# Lucid Dreaming > Attaining Lucidity > Lucid Aids >  >  Marijuana Induced REM-rebound

## SKA

Hell fellow dreamers, this one is for those of us who have a passion for dreaming and smoke cannabis. Many ppl abuse cannabis and smoke it all day every day. This way not only will it cease to make you gigh, it will also surpress your REM-sleep leading you to sleep way deep and without hardily any dreams let alone a memorable one.

This is more a good advice than me telling you what to do, but cannabis smokers might be wise to open up to this:

The best way to do cannabis is to do it about once a week, Perhaps in the 3 days of the weekend you could smoke. The rest of the week you don't. I know many many people smoke around the clock and they are often told by fellow dreamers here to stop smoking weed.

I can see why you wouldn't wanna stop smoking weed, but that's a whole different story. The best solution, when dreaming is concerned, is not to stop but to smoke drastically less with 3 days of smoking and then weekly sober intervals where you don't smoke;

The result will be that WHEN you smoke you get so rediculously high that you remember having forgotten that you could get so high from weed.
Result on dreaming will be amazing. If your dreaming is dull and you begin doing this you will notice that the intensity and clearity of your dreaming have increased trememdously. Also your recall will get much better. By the time your non-smoking week is over and you smoke again You will get ripped like you've forgotten was possible. Then you don't smoke the comming week and your REM-sleep will yet again be boosted. 

If you smoke cannabis, like dreaming and smoke cannabis like this then you will be in a constant waver of intensifying REM-sleep with weekly intervals of 1 to 3 days.
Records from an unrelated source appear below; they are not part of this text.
section \<open>SLOCC equivalence is realised by invertible operators\<close>

lemma matrix_of_linear:
  assumes lin: "Vector_Spaces.linear cscale cscale Nl"
    and into: "\<And>x. Nl x \<in> supported {..<d}"
  shows "\<exists>N. \<forall>x\<in>supported {..<d}. mat_vec d N x = Nl x"
proof (intro exI ballI)
  define N where "N = (\<lambda>a c. Nl (unit_vec c) a)"
  fix x assume x: "x \<in> supported {..<d}"
  have col: "mat_vec d N (unit_vec c) = Nl (unit_vec c)" if "c < d" for c
    using mat_vec_unit_vec[OF that, of N] into[of "unit_vec c"] by (auto simp: N_def fun_eq_iff supported_def)
  have "mat_vec d N x = (\<Sum>c<d. cscale (x c) (mat_vec d N (unit_vec c)))" by (rule mat_vec_sum_unit_vec[OF x])
  also have "\<dots> = (\<Sum>c<d. Nl (cscale (x c) (unit_vec c)))"
    by (intro sum.cong refl) (simp add: col VP.linear_scale[OF lin])
  also have "\<dots> = Nl (\<Sum>c<d. cscale (x c) (unit_vec c))" by (rule VP.linear_sum[OF lin, symmetric])
  also have "\<dots> = Nl x" using supported_unit_vec_expansion[OF finite_lessThan x] by simp
  finally show "mat_vec d N x = Nl x" .
qed

lemma extend_bases_bij:
  assumes fI: "finite I" and b: "b \<subseteq> supported I" "VS.independent b"
    and c: "c \<subseteq> supported I" "VS.independent c" and card: "card b = card c"
  obtains B C g where "b \<subseteq> B" "B \<subseteq> supported I" "VS.independent B" "supported I \<subseteq> VS.span B"
    "c \<subseteq> C" "C \<subseteq> supported I" "VS.independent C" "supported I \<subseteq> VS.span C"
    "bij_betw g (B - b) (C - c)"
proof -
  obtain B where B: "b \<subseteq> B" "B \<subseteq> supported I" "VS.independent B" "supported I \<subseteq> VS.span B"
    using VS.maximal_independent_subset_extend[OF b] by blast
  obtain C where C: "c \<subseteq> C" "C \<subseteq> supported I" "VS.independent C" "supported I \<subseteq> VS.span C"
    using VS.maximal_independent_subset_extend[OF c] by blast
  have fB: "finite B" "card B = card I" using basis_supported_card[OF fI B(2-4)] by auto
  have fC: "finite C" "card C = card I" using basis_supported_card[OF fI C(2-4)] by auto
  have "finite b" "finite c" using B(1) C(1) fB(1) fC(1) finite_subset by blast+
  then have "card (B - b) = card (C - c)"
    using card_Diff_subset[OF _ B(1)] card_Diff_subset[OF _ C(1)] fB fC card by simp
  then obtain g where "bij_betw g (B - b) (C - c)"
    using finite_same_card_bij[of "B - b" "C - c"] fB fC by blast
  then show ?thesis using that B C by blast
qed

text \<open>A matrix that maps an independent set \<open>b\<close> injectively onto an independent set agrees on
  \<open>b\<close> with an invertible matrix: extend \<open>b\<close> and its image to bases and match the extensions.\<close>
lemma extend_to_invertible:
  assumes bs: "b \<subseteq> supported {..<d}" and indb: "VS.independent b"
    and injb: "inj_on (mat_vec d M) b" and indMb: "VS.independent (mat_vec d M ` b)"
  shows "\<exists>N R. (\<forall>v\<in>b. mat_vec d N v = mat_vec d M v) \<and> inverse_mats d N R"
proof -
  define Mb where "Mb = mat_vec d M ` b"
  have Mbs: "Mb \<subseteq> supported {..<d}" unfolding Mb_def using mat_vec_supported by blast
  obtain Bb Cc g where Bb: "b \<subseteq> Bb" "Bb \<subseteq> supported {..<d}" "VS.independent Bb" "supported {..<d} \<subseteq> VS.span Bb"
    and Cc: "Mb \<subseteq> Cc" "Cc \<subseteq> supported {..<d}" "VS.independent Cc" "supported {..<d} \<subseteq> VS.span Cc"
    and g: "bij_betw g (Bb - b) (Cc - Mb)"
    using extend_bases_bij[OF finite_lessThan bs indb Mbs] indMb card_image[OF injb] by (metis Mb_def)
  define f where "f v = (if v \<in> b then mat_vec d M v else g v)" for v
  define Nl where "Nl = VP.construct Bb f"
  have linN: "Vector_Spaces.linear cscale cscale Nl" unfolding Nl_def by (rule VP.linear_construct[OF Bb(3)])
  have NlB: "v \<in> Bb \<Longrightarrow> Nl v = f v" for v unfolding Nl_def by (rule VP.construct_basis[OF Bb(3)])
  have fB: "f ` Bb \<subseteq> supported {..<d}"
    using g Cc(2) mat_vec_supported by (force simp: f_def bij_betw_def)
  have "Nl x \<in> supported {..<d}" for x
    using VP.construct_in_span[OF Bb(3), of f x] span_subset_supported[OF fB] by (auto simp: Nl_def)
  then obtain N where N: "\<And>x. x \<in> supported {..<d} \<Longrightarrow> mat_vec d N x = Nl x"
    using matrix_of_linear[OF linN] by blast
  have agree: "\<forall>v\<in>b. mat_vec d N v = mat_vec d M v"
  proof
    fix v assume v: "v \<in> b"
    show "mat_vec d N v = mat_vec d M v"
      using N[OF subsetD[OF bs v]] NlB[OF subsetD[OF Bb(1) v]] v by (simp add: f_def)
  qed
  have "Cc \<subseteq> Nl ` Bb"
  proof
    fix y assume y: "y \<in> Cc"
    show "y \<in> Nl ` Bb"
    proof (cases "y \<in> Mb")
      case True
      then show ?thesis using NlB Bb(1) by (force simp: f_def Mb_def)
    next
      case False
      then have "y \<in> g ` (Bb - b)" using g y bij_betw_imp_surj_on by fastforce
      then show ?thesis using NlB by (force simp: f_def)
    qed
  qed
  then have "VS.span Cc \<subseteq> Nl ` VS.span Bb"
    using VS.span_mono VP.linear_span_image[OF linN] by metis
  then have "\<exists>x\<in>supported {..<d}. mat_vec d N x = e" if "e \<in> supported {..<d}" for e
    using that Cc(4) span_subset_supported[OF Bb(2)] N by force
  then show ?thesis using agree surj_mat_invertible by blast
qed

text \<open>If the fibre sets \<open>P\<close> and \<open>Q\<close> of two states are mapped into each other's spans by the
  matrices \<open>M\<close> and \<open>M'\<close>, then \<open>M\<close> maps a basis \<open>b\<close> of \<open>span P\<close> injectively onto an
  independent set (dimensions cannot drop along \<open>P \<rightarrow> Q \<rightarrow> P\<close>).\<close>
lemma mat_vec_preserves_basis:
  assumes fP: "finite P"
    and b: "b \<subseteq> P" "VS.independent b" "P \<subseteq> VS.span b"
    and QP: "Q \<subseteq> VS.span (mat_vec d M ` P)" and PQ: "P \<subseteq> VS.span (mat_vec d M' ` Q)"
  shows "inj_on (mat_vec d M) b \<and> VS.independent (mat_vec d M ` b)"
proof -
  have fb: "finite b" using fP b(1) finite_subset by blast
  define Mb where "Mb = mat_vec d M ` b"
  have fMb: "finite Mb" using fb Mb_def by simp
  have "mat_vec d M ` P \<subseteq> VS.span Mb"
    using b(3) VP.linear_span_image[OF mat_vec_linear] unfolding Mb_def by blast
  then have QMb: "Q \<subseteq> VS.span Mb" using QP VS.span_minimal VS.subspace_span by blast
  obtain c where c: "c \<subseteq> Mb" "VS.independent c" "Mb \<subseteq> VS.span c"
    using VS.maximal_independent_subset by blast
  have fc: "finite c" using fMb c(1) finite_subset by blast
  have "Q \<subseteq> VS.span c" using QMb c(3) VS.span_minimal VS.subspace_span by blast
  then have "mat_vec d M' ` Q \<subseteq> VS.span (mat_vec d M' ` c)"
    using VP.linear_span_image[OF mat_vec_linear] by blast
  then have "b \<subseteq> VS.span (mat_vec d M' ` c)" using PQ b(1) VS.span_minimal VS.subspace_span by blast
  then have "card b \<le> card (mat_vec d M' ` c)"
    using VS.independent_span_bound[OF finite_imageI[OF fc] b(2)] by simp
  then have h1: "card b \<le> card c" using card_image_le[OF fc] le_trans by blast
  have h2: "card c \<le> card Mb" using card_mono[OF fMb c(1)] .
  have h3: "card Mb \<le> card b" unfolding Mb_def using card_image_le[OF fb] .
  then have "c = Mb" using card_subset_eq[OF fMb c(1)] h1 h2 h3 by simp
  moreover have "card (mat_vec d M ` b) = card b" using h1 h2 h3 by (simp add: Mb_def)
  ultimately show ?thesis using c(2) eq_card_imp_inj_on[OF fb] by (simp add: Mb_def)
qed

lemma extend_party:
  assumes P: "P \<subseteq> supported {..<d}" "finite P"
    and QP: "Q \<subseteq> VS.span (mat_vec d M ` P)" and PQ: "P \<subseteq> VS.span (mat_vec d M' ` Q)"
  shows "\<exists>N R. (\<forall>p\<in>P. mat_vec d N p = mat_vec d M p) \<and> inverse_mats d N R"
proof -
  obtain b where b: "b \<subseteq> P" "VS.independent b" "P \<subseteq> VS.span b"
    using VS.maximal_independent_subset by blast
  have "inj_on (mat_vec d M) b \<and> VS.independent (mat_vec d M ` b)"
    by (rule mat_vec_preserves_basis[OF P(2) b QP PQ])
  then obtain N R where NR: "\<forall>v\<in>b. mat_vec d N v = mat_vec d M v" "inverse_mats d N R"
    using extend_to_invertible[of b d M] b(1,2) P(1) by blast
  have "mat_vec d N p = mat_vec d M p" if "p \<in> P" for p
    using VP.linear_eq_on[OF mat_vec_linear[of d N] mat_vec_linear[of d M], of p b] NR(1) b(3) that by blast
  then show ?thesis using NR(2) by blast
qed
I hope alot of you Cannabis smoking dreamers will follow up my advice and tell me what it did for them.

----------


## Phydeaux_3

Too right.

I've been a chronic toker for 20 years. In the last 6 weeks I've toked twice.
I REALLY like not smoking each and every day. Not only am I getting higher than I've been in 20 years, my dream recall has gone from almost nil to at least 2 a night. Y'know you probably couldn't have paid me to give it up even a year ago, but suddenly, at least for me, it's just the right thing to do.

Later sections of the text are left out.